Terrible situation, even if you're in the "well it's Russia so stuff them" camp. Countries moving to their own Internet is a terrible situation, one we've seen before with China and their deep censorship of online media.
It would be great, but think about it for a second. Russian bots and trolls that are operated by the government will still exist, it's not like they would cease trying to spread misinformation or destabilizing opinions. So that won't change at all. This would primarily affect the people in the country who would now be unable to see real news or learn things the government doesn't want them to.
I'm all for giving Russia the finger, but I do fear that it won't actually make anything better for the rest of us and would just make the people worse off.
I mean, if no normal citizen can access the outside internet then we will know for sure that any connection coming out of Russia has to be a bot. So that would make blocking them much more easier.

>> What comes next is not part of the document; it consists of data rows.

theorem lemma16:
  fixes a :: "real \<Rightarrow> real" and \<alpha> :: "real^2"
  assumes "a differentiable_on UNIV"
    and "deriv a differentiable_on UNIV"
    and "continuous_on UNIV (deriv (deriv a))"
    and "deriv a (\<alpha>$2) > 0"
  shows "\<exists>\<delta>>0. \<forall>s0 t0. 0 < s0 \<and> s0 < \<delta> \<and> 0 < t0 \<and> t0 < \<delta> \<longrightarrow>
           invertible (Amat a \<alpha> s0 t0) \<and>
           (\<forall>\<epsilon>. 0 < \<epsilon> \<and> \<epsilon> < 1 \<longrightarrow> (\<exists>!\<gamma>. Leps a \<alpha> s0 t0 \<epsilon> \<gamma> = 0)) \<and>
           (\<forall>\<epsilon> \<gamma>. 0 < \<epsilon> \<and> \<epsilon> < 1 \<and> Leps a \<alpha> s0 t0 \<epsilon> \<gamma> = 0 \<longrightarrow> (\<forall>i. 0 \<le> \<gamma>$i)) \<and>
           (\<exists>lam Lam. 0 < lam \<and> lam < Lam \<and>
              (\<forall>\<epsilon> \<gamma>. 0 < \<epsilon> \<and> \<epsilon> < 1 \<and> Leps a \<alpha> s0 t0 \<epsilon> \<gamma> = 0 \<longrightarrow>
                 (\<forall>i. lam * \<epsilon> \<le> \<gamma>$i \<and> \<gamma>$i \<le> Lam * \<epsilon>)))"
proof -
  have a: "continuous_on UNIV a"
    using assms(1) by (rule differentiable_imp_continuous_on)
  have a': "DERIV a (\<alpha>$2) :> deriv a (\<alpha>$2)"
    using assms(1) by (simp add: DERIV_deriv_iff_real_differentiable differentiable_on_def)
  obtain d1 where "0 < d1" and right: "\<forall>h>0. h < d1 \<longrightarrow> a (\<alpha>$2) < a (\<alpha>$2 + h)"
    using DERIV_pos_inc_right[OF a' assms(4)] by blast
  obtain d2 where "0 < d2" and left: "\<forall>h>0. h < d2 \<longrightarrow> a (\<alpha>$2 - h) < a (\<alpha>$2)"
    using DERIV_pos_inc_left[OF a' assms(4)] by blast
  have solution_ray: "\<exists>w. (\<forall>i. 0 < w $ i) \<and> (\<forall>e \<gamma>. Leps a \<alpha> s t e \<gamma> = 0 \<longleftrightarrow> \<gamma> = e *\<^sub>R w)"
    if "0 < s" "0 < t" "t < min d1 d2" for s t
  proof (rule Leps_eq_zero_iff_scaleR[OF a that(1,2)])
    show "a (\<alpha>$2 - h) < a (\<alpha>$2) \<and> a (\<alpha>$2) < a (\<alpha>$2 + h)" if "0 < h" "h \<le> t" for h
      using left right that \<open>t < min d1 d2\<close> by simp
  qed blast
  show ?thesis
  proof (intro exI[of _ "min d1 d2"] conjI[OF _ allI[OF allI[OF impI]]])
    show "0 < min d1 d2" using \<open>0 < d1\<close> \<open>0 < d2\<close> by simp
  qed (rule Leps_solution_properties, rule solution_ray; simp)
qed
lemma integrable_if_gaussian_bound:
  fixes G :: "'a::euclidean_space \<Rightarrow> real"
  assumes s: "0 < s" and [measurable]: "G \<in> borel_measurable borel"
    and bound: "\<And>u. \<bar>G u\<bar> \<le> exp (- (norm u ^ 2) / (2 * s^2))"
  shows "integrable lborel G" and "integrable lborel (\<lambda>u. G u *\<^sub>R u)"
proof -
  have "norm (G u) \<le> exp (- (norm u ^ 2) / (2 * s^2)) * (1 + norm u)"
    and "norm (G u *\<^sub>R u) \<le> exp (- (norm u ^ 2) / (2 * s^2)) * (1 + norm u)" for u
  proof -
    have "\<bar>G u\<bar> * 1 \<le> exp (- (norm u ^ 2) / (2 * s^2)) * (1 + norm u)"
      and "\<bar>G u\<bar> * norm u \<le> exp (- (norm u ^ 2) / (2 * s^2)) * (1 + norm u)"
      using bound[of u] by (intro mult_mono; simp)+
    then show "norm (G u) \<le> exp (- (norm u ^ 2) / (2 * s^2)) * (1 + norm u)"
      and "norm (G u *\<^sub>R u) \<le> exp (- (norm u ^ 2) / (2 * s^2)) * (1 + norm u)"
      by simp_all
  qed
  then show "integrable lborel G" and "integrable lborel (\<lambda>u. G u *\<^sub>R u)"
    by (auto intro!: Bochner_Integration.integrable_bound[OF integrable_gaussian_one_plus_norm[OF s]])
qed

lemma integral_lborel_translate:
  fixes f :: "'a::euclidean_space \<Rightarrow> 'b::{banach,second_countable_topology}"
  assumes "f \<in> borel_measurable borel"
  shows "(\<integral>x. f (c + x) \<partial>lborel) = (\<integral>x. f x \<partial>lborel)"
  using integral_distr[of "(+) c" lborel borel f] assms by (simp add: lborel_distr_plus)

lemma integral_lborel_odd:
  fixes f :: "'a::euclidean_space \<Rightarrow> 'b::{banach,second_countable_topology}"
  assumes "f \<in> borel_measurable borel" and odd: "\<And>x. f (- x) = - f x"
  shows "(\<integral>x. f x \<partial>lborel) = 0"
proof -
  have "(lborel :: 'a measure) = distr lborel borel uminus"
    using lborel_affine[of "-1" 0] by (simp add: density_1)
  then have "(\<integral>x. f x \<partial>lborel) = (\<integral>x. f (- x) \<partial>lborel)"
    using integral_distr[of uminus lborel borel f] assms(1) by simp
  also have "\<dots> = - (\<integral>x. f x \<partial>lborel)"
    by (simp add: odd)
  finally show ?thesis
    by (metis scaleR_2 scaleR_eq_0_iff eq_neg_iff_add_eq_0 zero_neq_numeral)
qed

lemma integral_lborel_pos:
  fixes f :: "'a::euclidean_space \<Rightarrow> real"
  assumes f: "integrable lborel f" and pos: "\<And>x. 0 < f x"
  shows "0 < (\<integral>x. f x \<partial>lborel)"
proof -
  have "(\<integral>x. f x \<partial>lborel) \<noteq> 0"
  proof
    assume "(\<integral>x. f x \<partial>lborel) = 0"
    then have "AE x in (lborel :: 'a measure). False"
      using integral_nonneg_eq_0_iff_AE[OF f] pos by (simp add: less_imp_le less_imp_neq[symmetric])
    then show False
      by (subst (asm) AE_iff_measurable[of UNIV]) auto
  qed
  moreover have "0 \<le> (\<integral>x. f x \<partial>lborel)"
    using pos by (simp add: less_imp_le)
  ultimately show ?thesis by simp
qed

lemma MMSE_eq_center_of_symmetric_weight:
  fixes p G :: "real^'n \<Rightarrow> real"
  assumes weight: "\<And>x. p x * noise_density sg (z - x) = K * G (x - m)"
    and "K \<noteq> 0" and [measurable]: "G \<in> borel_measurable borel"
    and "integrable lborel G" and "integrable lborel (\<lambda>u. G u *\<^sub>R u)"
    and even: "\<And>u. G (- u) = G u" and "(\<integral>u. G u \<partial>lborel) \<noteq> 0"
  shows "MMSE p sg z = m"
proof -
  have odd_moment: "(\<integral>u. G u *\<^sub>R u \<partial>lborel) = 0"
    by (rule integral_lborel_odd) (simp_all add: even)
  have "(\<integral>x. p x * noise_density sg (z - x) \<partial>lborel) = (\<integral>x. K * G (m + x - m) \<partial>lborel)"
    unfolding weight by (rule integral_lborel_translate[symmetric]) simp
  also have "\<dots> = K * (\<integral>u. G u \<partial>lborel)"
    by simp
  finally have mass: "(\<integral>x. p x * noise_density sg (z - x) \<partial>lborel) = K * (\<integral>u. G u \<partial>lborel)" .
  have "(\<integral>x. (p x * noise_density sg (z - x)) *\<^sub>R x \<partial>lborel)
      = (\<integral>x. (K * G (m + x - m)) *\<^sub>R (m + x) \<partial>lborel)"
    unfolding weight by (rule integral_lborel_translate[symmetric]) simp
  also have "\<dots> = (\<integral>u. (K * G u) *\<^sub>R m + (K * G u) *\<^sub>R u \<partial>lborel)"
    by (simp add: scaleR_add_right)
  also have "\<dots> = (\<integral>u. (K * G u) *\<^sub>R m \<partial>lborel) + (\<integral>u. (K * G u) *\<^sub>R u \<partial>lborel)"
    by (rule Bochner_Integration.integral_add) (use assms in \<open>auto simp flip: scaleR_scaleR\<close>)
  finally have moment: "(\<integral>x. (p x * noise_density sg (z - x)) *\<^sub>R x \<partial>lborel)
      = (K * (\<integral>u. G u \<partial>lborel)) *\<^sub>R m"
    using assms odd_moment by (simp flip: scaleR_scaleR)
  show ?thesis
    unfolding MMSE_def mass moment using assms by simp
qed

We must somehow patch a connection in, to ensure they have a sufficient quantity of international memes, cats and porn. Access to the internet is a basic human right these days, we surely cannot abandon them.
NSA and CIA are absolutely salivating at the idea of the Russians trying to roll their own TCP/IP stack. However good some of the Russian intel groups might be at offense, they are hot garbage at defense.
That’s not what they are trying to do at all though.
The article makes it sound more so like they want their own ‘great firewall’ like China, or to go even further and create something akin to North Korea.
Nah it's not. China doesn't need Russia in any capacity. It does need some of its natural resources, but not too badly really. It's not any more keen on exploiting those than in Central Asian countries. Just doing usual Chinese things, no bigger interest.
I do have mixed feelings about this. Let's say pool it off and Russia net is now thing. That makes it harder for Russian conmen to rum various scams and hacks, ex ransomware, but it makes it a lot harder for the people there to break out of the state own propaganda.
The Russian scammers are using a ton of proxies and VPNs. Unfortunately, this change will not affect them unless the Russian government completely removes access to the global Internet, and even then, the corruption is so deep that many officials will be selling access to the global Internet to their friends or people with money.
Russian scammers and social media manipulators are here to stay, likely because they're largely state run initiatives and they'll still have access to the global Internet.
What this does is keep the normal Russians insulated from the rest of the world and unable to coordinate outside of their own country, where everything they do is even more tightly controlled by the government.
That statement works for every other freedom you lose, it also serves to detect malicious intent from another person. There's always a middle ground, where nothing's perfect, but it's balanced. There's always a compromise. There's no perfect scenario. If you want a perfect society, you have to take away all freedom. If you give away all freedoms, there's anarchy.
This will be obviously all in the name of authoritarianism. Will the Russian Federation people benefit or will this be a means to control information? Note that my criticisms leveled against Russia could apply to Amurica as well. We Amuricans seem to have wet dreams of Christo-Fascism.
That way we can simply do nothing because only one political party is encouraging its constituents to arm up while the other wants everyone to disarm. Guess which side will win?